These 5 tips will help you begin… cheers!

  • 1. Pick your “must-haves” and make a plan; choose the dishes and foods that are most loved, important, and symbolic to you and your family. These are the things that are most worth spending calories on. Edit out what you can without feeling deprived. Consider if another (healthier) option might possibly fit the bill. For example, would baked sweet potatoes work in place of candied yams? If the answer is no, set your original recipe aside for possible modification (see tip # 3).

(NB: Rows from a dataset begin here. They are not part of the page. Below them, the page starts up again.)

section \<open>Topological inverse semigroups\<close>

lemma sinv_inverse:
  assumes "inverse_semigroup S m" "x \<in> S"
  shows "sinv S m x \<in> S" and "m (m x (sinv S m x)) x = x"
    and "m (m (sinv S m x) x) (sinv S m x) = sinv S m x"
proof -
  have "\<exists>!y. y \<in> S \<and> m (m x y) x = x \<and> m (m y x) y = y"
    using assms unfolding inverse_semigroup_def by blast
  then have "sinv S m x \<in> S \<and> m (m x (sinv S m x)) x = x
      \<and> m (m (sinv S m x) x) (sinv S m x) = sinv S m x"
    unfolding sinv_def by (rule theI')
  then show "sinv S m x \<in> S" "m (m x (sinv S m x)) x = x"
      "m (m (sinv S m x) x) (sinv S m x) = sinv S m x"
    by blast+
qed

lemma sinv_unique:
  assumes "inverse_semigroup S m" "x \<in> S" "y \<in> S" "m (m x y) x = x" "m (m y x) y = y"
  shows "sinv S m x = y"
proof -
  have "\<exists>!y. y \<in> S \<and> m (m x y) x = x \<and> m (m y x) y = y"
    using assms(1,2) unfolding inverse_semigroup_def by blast
  then show ?thesis
    unfolding sinv_def by (rule the1_equality) (use assms(3-5) in blast)
qed

lemma inverse_subsemigroup:
  assumes S: "inverse_semigroup S m" and "A \<subseteq> S"
    and mult: "\<And>x y. x \<in> A \<Longrightarrow> y \<in> A \<Longrightarrow> m x y \<in> A"
    and inv: "\<And>x. x \<in> A \<Longrightarrow> sinv S m x \<in> A"
  shows "inverse_semigroup A m" and "\<And>x. x \<in> A \<Longrightarrow> sinv A m x = sinv S m x"
proof -
  have AS: "\<And>x. x \<in> A \<Longrightarrow> x \<in> S"
    using \<open>A \<subseteq> S\<close> by blast
  have unique: "\<exists>!y. y \<in> A \<and> m (m x y) x = x \<and> m (m y x) y = y" if x: "x \<in> A" for x
  proof (rule ex1I)
    show "sinv S m x \<in> A \<and> m (m x (sinv S m x)) x = x
        \<and> m (m (sinv S m x) x) (sinv S m x) = sinv S m x"
      using inv[OF x] sinv_inverse[OF S AS[OF x]] by blast
    show "y = sinv S m x" if "y \<in> A \<and> m (m x y) x = x \<and> m (m y x) y = y" for y
      using sinv_unique[OF S AS[OF x], of y] that AS by simp
  qed
  have "\<forall>x\<in>A. \<forall>y\<in>A. \<forall>z\<in>A. m (m x y) z = m x (m y z)"
    using S AS unfolding inverse_semigroup_def by blast
  then show A: "inverse_semigroup A m"
    using mult unique unfolding inverse_semigroup_def by blast
  show "sinv A m x = sinv S m x" if "x \<in> A" for x
    using sinv_unique[OF A that inv[OF that]] sinv_inverse[OF S AS[OF that]] by blast
qed

lemma continuous_map_ident: "continuous_map X X (\<lambda>x. x)"
  using continuous_map_id by (simp add: id_def)

lemma continuous_map_mult:
  assumes "continuous_map (prod_topology T T) T (\<lambda>(x, y). m x y)"
    and "continuous_map X T f" "continuous_map X T g"
  shows "continuous_map X T (\<lambda>y. m (f y) (g y))"
  using continuous_map_compose[OF continuous_map_pairedI[OF assms(2,3)] assms(1)]
  by (simp add: o_def)

lemma top_inv_subsemigroup:
  assumes S: "top_inv_semigroup S m T" and "A \<subseteq> S"
    and mult: "\<And>x y. x \<in> A \<Longrightarrow> y \<in> A \<Longrightarrow> m x y \<in> A"
    and inv: "\<And>x. x \<in> A \<Longrightarrow> sinv S m x \<in> A"
  shows "top_inv_semigroup A m (subtopology T A)"
proof -
  have IS: "inverse_semigroup S m" and top: "topspace T = S" and "Hausdorff_space T"
    and cm: "continuous_map (prod_topology T T) T (\<lambda>(x, y). m x y)"
    and ci: "continuous_map T T (sinv S m)"
    using S by (auto simp: top_inv_semigroup_def)
  note sub = inverse_subsemigroup[OF IS \<open>A \<subseteq> S\<close> mult inv]
  have "continuous_map (subtopology (prod_topology T T) (A \<times> A)) (subtopology T A)
      (\<lambda>(x, y). m x y)"
    using continuous_map_from_subtopology[OF cm] mult
    by (auto simp: continuous_map_in_subtopology)
  moreover have "continuous_map (subtopology T A) (subtopology T A) (sinv S m)"
    using continuous_map_from_subtopology[OF ci] inv \<open>A \<subseteq> S\<close> top
    by (auto simp: continuous_map_in_subtopology)
  then have "continuous_map (subtopology T A) (subtopology T A) (sinv A m)"
    by (rule continuous_map_eq) (use sub(2) \<open>A \<subseteq> S\<close> top in auto)
  ultimately show ?thesis
    using sub(1) \<open>A \<subseteq> S\<close> top Hausdorff_space_subtopology[OF \<open>Hausdorff_space T\<close>]
    unfolding top_inv_semigroup_def subtopology_Times by auto
qed

lemma continuous_map_closure_into_closed:
  assumes "continuous_map X Y f" "f ` A \<subseteq> C" "closedin Y C" "x \<in> X closure_of A"
  shows "f x \<in> C"
  using continuous_map_image_closure_subset[OF assms(1)] closure_of_mono[OF assms(2)]
    closure_of_closedin[OF assms(3)] assms(4)
  by blast

section \<open>Subsemilattices with bounded principal ideals are closed\<close>

definition down_set :: "'a set \<Rightarrow> ('a \<Rightarrow> 'a \<Rightarrow> 'a) \<Rightarrow> 'a \<Rightarrow> 'a set" where
  "down_set E m c = {d \<in> E. m d c = d}"

lemma mult_neighbourhood:
  assumes cm: "continuous_map (prod_topology T T) T (\<lambda>(x, y). m x y)"
    and W: "openin T W" and x: "x \<in> topspace T" and "m x x \<in> W"
  obtains V where "openin T V" "x \<in> V" "\<And>c d. c \<in> V \<Longrightarrow> d \<in> V \<Longrightarrow> m c d \<in> W"
proof -
  define P where "P = {z \<in> topspace (prod_topology T T). (\<lambda>(x, y). m x y) z \<in> W}"
  have open_P: "openin (prod_topology T T) P"
    unfolding P_def using openin_continuous_map_preimage[OF cm W] .
  have "(x, x) \<in> P"
    using x \<open>m x x \<in> W\<close> by (simp add: P_def)
  then have "\<exists>V1 V2. openin T V1 \<and> openin T V2 \<and> x \<in> V1 \<and> x \<in> V2 \<and> V1 \<times> V2 \<subseteq> P"
    using iffD1[OF openin_prod_topology_alt open_P] by blast
  then obtain V1 V2 where V: "openin T V1" "openin T V2" "x \<in> V1" "x \<in> V2"
    and V12: "V1 \<times> V2 \<subseteq> P"
    by blast
  have "m c d \<in> W" if "c \<in> V1 \<inter> V2" "d \<in> V1 \<inter> V2" for c d
  proof -
    have "(c, d) \<in> P"
      using V12 that by blast
    then show ?thesis
      by (simp add: P_def)
  qed
  then show ?thesis
    by (intro that[of "V1 \<inter> V2"]) (use V in auto)
qed

lemma two_points_near_limit:
  assumes H: "Hausdorff_space X" and x: "x \<in> X closure_of A" "x \<notin> A"
    and V: "openin X V" "x \<in> V"
  obtains c d where "c \<in> A" "c \<in> V" "d \<in> A" "d \<in> V" "c \<noteq> d"
proof -
  obtain c where c: "c \<in> A" "c \<in> V"
    using x(1) V by (meson in_closure_of)
  have "x \<in> topspace X"
    by (rule subsetD[OF closure_of_subset_topspace x(1)])
  moreover have "c \<in> topspace X"
    using c(2) openin_subset[OF V(1)] by blast
  moreover have "x \<noteq> c"
    using x(2) c(1) by blast
  ultimately obtain G1 G2 where G: "openin X G1" "openin X G2" "x \<in> G1" "c \<in> G2" "disjnt G1 G2"
    using H by (meson Hausdorff_space_def)
  have "openin X (V \<inter> G1)" "x \<in> V \<inter> G1"
    using V G by auto
  then obtain d where d: "d \<in> A" "d \<in> V" "d \<in> G1"
    using x(1) by (meson in_closure_of IntE)
  have "c \<noteq> d"
    using G(4,5) d(3) by (auto simp: disjnt_def)
  then show ?thesis
    using that[OF c d(1,2)] by blast
qed
lemma prob_notified_respond:
  assumes "v \<in> {1..V}" "s \<in> {1..S}" "t \<in> {1..T}"
  shows "measure_pmf.prob scenario {(a, z, r). notified_active V \<pi> a z r v s t \<and> r (v, s, t)} =
    measure_pmf.prob scenario (notified_event v s t) * p v s"
proof -
  let ?R = "Pi_pmf ({1..V} \<times> {1..S} \<times> {1..T}) False (\<lambda>(v, s, t). bernoulli_pmf (p v s))"
  have "{b. b} = {True}"
    by auto
  then have "measure_pmf.prob (bernoulli_pmf (p v s)) {b. b} = p v s"
    using p_prob assms by (simp add: measure_pmf_single)
  moreover have "notified_active V \<pi> a z (r((v, s, t) := b)) v s t = notified_active V \<pi> a z r v s t"
    for a z r b
    using assms(3) by (intro notified_active_cong_past[OF nonanticipating]) auto
  ultimately have "measure_pmf.prob ?R {r. notified_active V \<pi> a z r v s t \<and> r (v, s, t)} =
      measure_pmf.prob ?R {r. notified_active V \<pi> a z r v s t} * p v s" for a z
    using prob_Pi_pmf_factor_component[of _ "(v, s, t)" "\<lambda>r. notified_active V \<pi> a z r v s t"
        False _ "\<lambda>b. b"] assms
    by simp
  then show ?thesis
    unfolding scenario_pmf_def notified_event_def by (rule prob_pair_pmf3_factor_third)
qed

lemma prob_notified_still_inactive:
  assumes "v \<in> {1..V}" "t \<in> {1..T}"
  shows "measure_pmf.prob scenario {(a, z, r). notified_active V \<pi> a z r v s t \<and> z (v, t) > k} =
    measure_pmf.prob scenario (notified_event v s t) * (1 - G g k)"
proof -
  let ?Z = "Pi_pmf ({1..V} \<times> {1..T}) 0 (\<lambda>_. g)"
  have "notified_active V \<pi> a (z((v, t) := n)) r v s t = notified_active V \<pi> a z r v s t"
    for a z r n
    using assms(2) by (intro notified_active_cong_past[OF nonanticipating]) auto
  then have "measure_pmf.prob ?Z {z. notified_active V \<pi> a z r v s t \<and> z (v, t) > k} =
      measure_pmf.prob ?Z {z. notified_active V \<pi> a z r v s t} * (1 - G g k)" for a r
    using prob_Pi_pmf_factor_component[of _ "(v, t)" "\<lambda>z. notified_active V \<pi> a z r v s t"
        0 _ "\<lambda>n. n > k"] prob_greater_eq_1_minus_G[OF g_pos] assms
    by simp
  then show ?thesis
    unfolding scenario_pmf_def notified_event_def by (rule prob_pair_pmf3_factor_second)
qed

lemma prob_completed_type_le:
  assumes "s \<in> {1..S}" "t \<in> {1..T}"
  shows "measure_pmf.prob scenario
      {(a, z, r). \<exists>v\<in>{1..V}. notified_active V \<pi> a z r v s t \<and> r (v, s, t)}
    \<le> lam s t * min (\<Sum>v\<in>{1..V}. policy_x v s t * p v s) 1"
    (is "measure_pmf.prob scenario ?C \<le> _")
proof -
  have "measure_pmf.prob scenario ?C \<le> measure_pmf.prob scenario {(a, z, r). a t = Some s}"
    by (rule measure_pmf.finite_measure_mono) (auto simp: notified_active_def)
  then have by_arrival: "measure_pmf.prob scenario ?C \<le> lam s t"
    using prob_arrival_Some[OF assms(2,1)] by simp
  have "measure_pmf.prob scenario ?C \<le> measure_pmf.prob scenario
      (\<Union>v\<in>{1..V}. {(a, z, r). notified_active V \<pi> a z r v s t \<and> r (v, s, t)})"
    by (rule measure_pmf.finite_measure_mono) auto
  also have "\<dots> \<le> (\<Sum>v\<in>{1..V}.
      measure_pmf.prob scenario {(a, z, r). notified_active V \<pi> a z r v s t \<and> r (v, s, t)})"
    by (rule measure_pmf.finite_measure_subadditive_finite) auto
  also have "\<dots> = (\<Sum>v\<in>{1..V}. lam s t * (policy_x v s t * p v s))"
    using prob_notified_respond[OF _ assms] lam_mult_policy_x[OF assms(2,1)]
    by (intro sum.cong) (simp_all add: mult.assoc)
  finally have by_responses: "measure_pmf.prob scenario ?C \<le>
      lam s t * (\<Sum>v\<in>{1..V}. policy_x v s t * p v s)"
    by (simp add: sum_distrib_left)
  show ?thesis
    using by_arrival by_responses by (simp add: min_def)
qed
lemma W1_product_measure_le:
  assumes \<nu>: "set_pmf \<nu> \<subseteq> cube n" and \<xi>: "product_measure n \<xi>"
  shows "W1 n \<nu> \<xi> \<le> measure_pmf.expectation \<nu> (\<lambda>x. \<Sum>i<n. \<bar>gvec \<nu> x i - center \<xi> i\<bar>) / 2"
proof -
  have "W1 n \<nu> \<xi> \<le> measure_pmf.expectation \<nu> (\<lambda>x. (\<Sum>i<n. \<bar>gvec \<nu> x i - center \<xi> i\<bar>) / 2)"
  proof (rule W1_le_expectation_of_cond_plus_gap[OF \<nu> set_pmf_product_measure[OF \<xi>]])
    fix x y assume y: "y \<in> set_pmf \<xi>"
    have "\<bar>cond_plus \<nu> x i - cond_plus \<xi> y i\<bar> = \<bar>gvec \<nu> x i - center \<xi> i\<bar> / 2" if "i < n" for i
      using cond_plus_product_measure[OF \<xi> that y] by (simp add: gvec_eq_cond_plus abs_if field_simps)
    then show "(\<Sum>i<n. \<bar>cond_plus \<nu> x i - cond_plus \<xi> y i\<bar>) \<le> (\<Sum>i<n. \<bar>gvec \<nu> x i - center \<xi> i\<bar>) / 2"
      unfolding sum_divide_distrib by (intro sum_mono) simp
  qed
  then show ?thesis by simp
qed

lemma expectation_abs_le_sqrt_expectation_sq:
  fixes h :: "'a \<Rightarrow> real"
  assumes "finite (set_pmf M)"
  shows "measure_pmf.expectation M (\<lambda>x. \<bar>h x\<bar>) \<le> sqrt (measure_pmf.expectation M (\<lambda>x. (h x)\<^sup>2))"
proof -
  let ?E = "measure_pmf.expectation M"
  have "0 \<le> ?E (\<lambda>x. (\<bar>h x\<bar> - ?E (\<lambda>x. \<bar>h x\<bar>))\<^sup>2)" by simp
  also have "\<dots> = ?E (\<lambda>x. \<bar>h x\<bar>\<^sup>2) - (?E (\<lambda>x. \<bar>h x\<bar>))\<^sup>2"
    by (rule measure_pmf.variance_eq) (simp_all add: integrable_measure_pmf_finite assms)
  finally show ?thesis by (simp add: real_le_rsqrt)
qed

lemma sum_sqrt_le_sqrt_mult_sum:
  fixes v :: "nat \<Rightarrow> real"
  assumes "\<And>i. i < n \<Longrightarrow> 0 \<le> v i"
  shows "(\<Sum>i<n. sqrt (v i)) \<le> sqrt (real n * (\<Sum>i<n. v i))"
proof -
  have "(\<Sum>i<n. sqrt (v i))\<^sup>2 \<le> (\<Sum>i<n. (sqrt (v i))\<^sup>2) * card {..<n}"
    by (rule sum_squared_le_sum_of_squares)
  also have "\<dots> = real n * (\<Sum>i<n. v i)" using assms by simp
  finally show ?thesis by (simp add: real_le_rsqrt)
qed

lemma W1_le_sqrt_trace_H:
  assumes \<nu>: "set_pmf \<nu> \<subseteq> cube n" and \<xi>: "product_measure n \<xi>"
    and center: "\<And>i. i < n \<Longrightarrow> center \<xi> i = measure_pmf.expectation \<nu> (\<lambda>y. gvec \<nu> y i)"
  shows "W1 n \<nu> \<xi> \<le> sqrt (real n * trace_H n \<nu>) / 2"
proof -
  have fin: "finite (set_pmf \<nu>)" using finite_subset[OF \<nu> finite_cube] .
  define v where "v i = measure_pmf.expectation \<nu> (\<lambda>y. (gvec \<nu> y i - center \<xi> i)\<^sup>2)" for i
  have "W1 n \<nu> \<xi> \<le> (\<Sum>i<n. measure_pmf.expectation \<nu> (\<lambda>x. \<bar>gvec \<nu> x i - center \<xi> i\<bar>)) / 2"
    using W1_product_measure_le[OF \<nu> \<xi>] by (simp add: integrable_measure_pmf_finite[OF fin])
  also have "\<dots> \<le> (\<Sum>i<n. sqrt (v i)) / 2"
    unfolding v_def by (intro divide_right_mono sum_mono expectation_abs_le_sqrt_expectation_sq fin) simp
  also have "\<dots> \<le> sqrt (real n * (\<Sum>i<n. v i)) / 2"
    unfolding v_def by (intro divide_right_mono sum_sqrt_le_sqrt_mult_sum) simp_all
  also have "(\<Sum>i<n. v i) = trace_H n \<nu>"
    unfolding trace_H_eq_sum_variance v_def using center by simp
  finally show ?thesis .
qed

theorem proposition3p5:
  fixes n :: nat and \<nu> :: "(nat \<Rightarrow> real) pmf"
  assumes "set_pmf \<nu> \<subseteq> cube n"
  defines "m \<equiv> (\<lambda>i. measure_pmf.expectation \<nu> (\<lambda>y. gvec \<nu> y i))"
  shows "(\<forall>i<n. center \<nu> i = m i)
    \<and> (\<exists>!\<xi>. product_measure n \<xi> \<and> (\<forall>i<n. center \<xi> i = m i))
    \<and> (\<forall>\<xi>. product_measure n \<xi> \<and> (\<forall>i<n. center \<xi> i = m i)
           \<longrightarrow> W1 n \<nu> \<xi> \<le> sqrt (real n * trace_H n \<nu>))"
proof -
  have "\<forall>i<n. center \<nu> i = m i"
    unfolding m_def using center_eq_expectation_gvec[OF assms(1)] by blast
  moreover have "\<exists>!\<xi>. product_measure n \<xi> \<and> (\<forall>i<n. center \<xi> i = m i)"
    unfolding m_def by (intro ex1_product_measure_with_center abs_expectation_gvec_le_1)
  moreover have "W1 n \<nu> \<xi> \<le> sqrt (real n * trace_H n \<nu>)"
    if "product_measure n \<xi> \<and> (\<forall>i<n. center \<xi> i = m i)" for \<xi>
  proof -
    have "W1 n \<nu> \<xi> \<le> sqrt (real n * trace_H n \<nu>) / 2"
      using that by (intro W1_le_sqrt_trace_H[OF assms(1)]) (auto simp: m_def)
    moreover have "0 \<le> sqrt (real n * trace_H n \<nu>)" using trace_H_nonneg[of n \<nu>] by simp
    ultimately show ?thesis by linarith
  qed
  ultimately show ?thesis by blast
qed
(* Let $\Gamma$ and $\Gamma'$ be triangulations of connected closed $2$-dimensional surfaces $M$ and $M'$, and let $F$ and $F'$ be faces of $\Gamma$ and $\Gamma'$ respectively. For every special homeomorphism $g:\partial F\to\partial F'$, the connected sum $\Gamma\#_g\Gamma'$ is $3$-colorable if and only if both $\Gamma$ and $\Gamma'$ are $3$-colorable.
   Context: A triangulation of a connected closed surface (not necessarily orientable) is a closed $2$-cell embedding of a connected finite simple graph all of whose faces are triangles. A homeomorphism $g:\partial F\to\partial F'$ is special if it maps vertices to vertices. The connected sum $\Gamma\#_g\Gamma'$ is the triangulation of $M\# M'$ obtained from $\Gamma$ and $\Gamma'$ by removing the interiors of $F$ and $F'$ and gluing $\partial F$ to $\partial F'$ via $g$. A graph is $3$-colorable if it admits a proper vertex coloring with $3$ colors. *)

theory Defs
  imports Main
begin

text \<open>Combinatorial model of a triangulation of a connected closed surface:
  a finite nonempty family of faces T (indices of type 'f), each face f having
  a set fv f of exactly three vertices; every edge (2-subset of a face) lies in
  exactly two faces; around every vertex the faces containing it are connected
  by sharing edges through that vertex (so they form one cyclic disk link);
  and the underlying graph is connected.\<close>

definition verts :: "('f \<Rightarrow> 'a set) \<Rightarrow> 'f set \<Rightarrow> 'a set" where
  "verts fv T = (\<Union>f\<in>T. fv f)"

definition edges_of :: "('f \<Rightarrow> 'a set) \<Rightarrow> 'f set \<Rightarrow> 'a set set" where
  "edges_of fv T = {e. \<exists>f\<in>T. e \<subseteq> fv f \<and> card e = 2}"

definition adj :: "('f \<Rightarrow> 'a set) \<Rightarrow> 'f set \<Rightarrow> 'a \<Rightarrow> 'a \<Rightarrow> bool" where
  "adj fv T u v \<longleftrightarrow> {u, v} \<in> edges_of fv T"
lemma distr_grid_increments:
  assumes B: "std_BM M B" and J: "finite J" "J \<subseteq> {0..}"
  shows "distr M (PiM {..<length (fdd_grid J) - 1} (\<lambda>_. borel)) (grid_increments J B) = increments_law J"
proof -
  interpret prob_space M using B unfolding std_BM_def by auto
  define ts where "ts = fdd_grid J"
  define I where "I = {..<length ts - 1}"
  define incr where "incr i \<omega> = B \<omega> (ts ! Suc i) - B \<omega> (ts ! i)" for i \<omega>
  have "0 \<in> I" using length_fdd_grid[OF J] unfolding I_def ts_def by simp
  hence "I \<noteq> {}" by blast
  have "sorted_wrt (<) ts \<and> ts \<noteq> [] \<and> 0 \<le> hd ts"
    using sorted_fdd_grid[OF J] length_fdd_grid[OF J] fdd_grid_0[OF J] unfolding ts_def
    by (metis hd_conv_nth list.size(3) not_numeral_le_zero order_refl)
  hence indep: "indep_vars (\<lambda>_. borel) incr I"
    and normal: "\<And>i. i \<in> I \<Longrightarrow> distributed M lborel (incr i)
       (\<lambda>x. ennreal (normal_density 0 (sqrt (ts ! Suc i - ts ! i)) x))"
    using B unfolding std_BM_def incr_def I_def by blast+
  have "incr i \<in> borel_measurable M" if "i \<in> I" for i
    using normal[OF that] by (auto dest: distributed_measurable)
  hence "distr M (PiM I (\<lambda>_. borel)) (\<lambda>\<omega>. \<lambda>i\<in>I. incr i \<omega>) = PiM I (\<lambda>i. distr M borel (incr i))"
    using indep_vars_iff_distr_eq_PiM'[OF \<open>I \<noteq> {}\<close>, where M' = "\<lambda>_. borel" and X = incr] indep
    by simp
  also have "\<dots> = increments_law J"
    unfolding increments_law_def ts_def[symmetric] I_def[symmetric]
  proof (rule PiM_cong[OF refl])
    fix i assume "i \<in> I"
    have "distr M borel (incr i) = distr M lborel (incr i)" by (rule distr_cong) auto
    thus "distr M borel (incr i) =
        density lborel (\<lambda>x. ennreal (normal_density 0 (sqrt (ts ! Suc i - ts ! i)) x))"
      using distributed_distr_eq_density[OF normal[OF \<open>i \<in> I\<close>]] by simp
  qed
  finally show ?thesis unfolding grid_increments_def incr_def I_def ts_def .
qed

  • 2. Choose your menus differently and wisely. After your “must-haves”, balance and fill out your menu with healthy, whole food choices. Avoid more dishes with sauces and gravies. Seek out vegetable and whole grain based dishes, lean meats, beans and green salads. Consider more fresh fruits, low-fat yogurt and ice cream for dessert. Pumpkin or fruit pies have half the calories of pecan pie. Overall, think high fiber and low fat.
  • 3. Select your ingredients differently. Low-fat (and some non-fat) dairy items can be substituted for whole milk products without any perceivable change. Evaporated skim milk is the classic dieters substitution for cream. Low-sodium salt is a great way to cut down on a common holiday culprit. Choose whole grain breads and rolls, brown rice and multi-grain pasta (tastes better than whole wheat). Chicken, ground turkey (skinless), lean beef and pork are better choices than fattier meats like rib roast, T-bone steak, sausage, bacon and ham. Low- fat and fat-free mayonnaise works wonders in recipes. Don’t forget the nonstick vegetable oil spray for cooking and cutting excess calories and fat. To be sure your feast is the most flavorful, nutritious and visually enticing that it can be (without caloric excess), use as many fresh, whole foods and herbs as possible.
  • 4. Simple cooking techniques lighten your menu the same way the spa chefs have become famous for. In addition to making choices like those described above, spa chefs use techniques like braising, roasting and steaming to prepare tender, flavor-rich meat, fish, poultry, and vegetables, without added oil and fat. Baking and broiling are also considered key low-fat cooking techniques. Always trim visible fat and remove poultry skin before cooking. Basting with fat-free broth or fruit juice is essential to moist yet low-fat roasting. Steaming is an amazing and under-rated technique that can produce quite delicate results. Substitute two egg whites or an egg substitute for each egg in recipes and applesauce can take the place of up to 1/3 of the oil in baking.
  • 5. Consider some positive manipulation. Plan gatherings where food is not the sole and central focus. Have a soup or salad buffet lunch instead of the normal afternoon or evening feasts. Arrange foods on tables in decreasing order of importance. Place the high-fiber, low- fat, healthy choices at the front of the buffet table and the richer, calorie dense items toward the end of the table. Serve dessert only after the meal.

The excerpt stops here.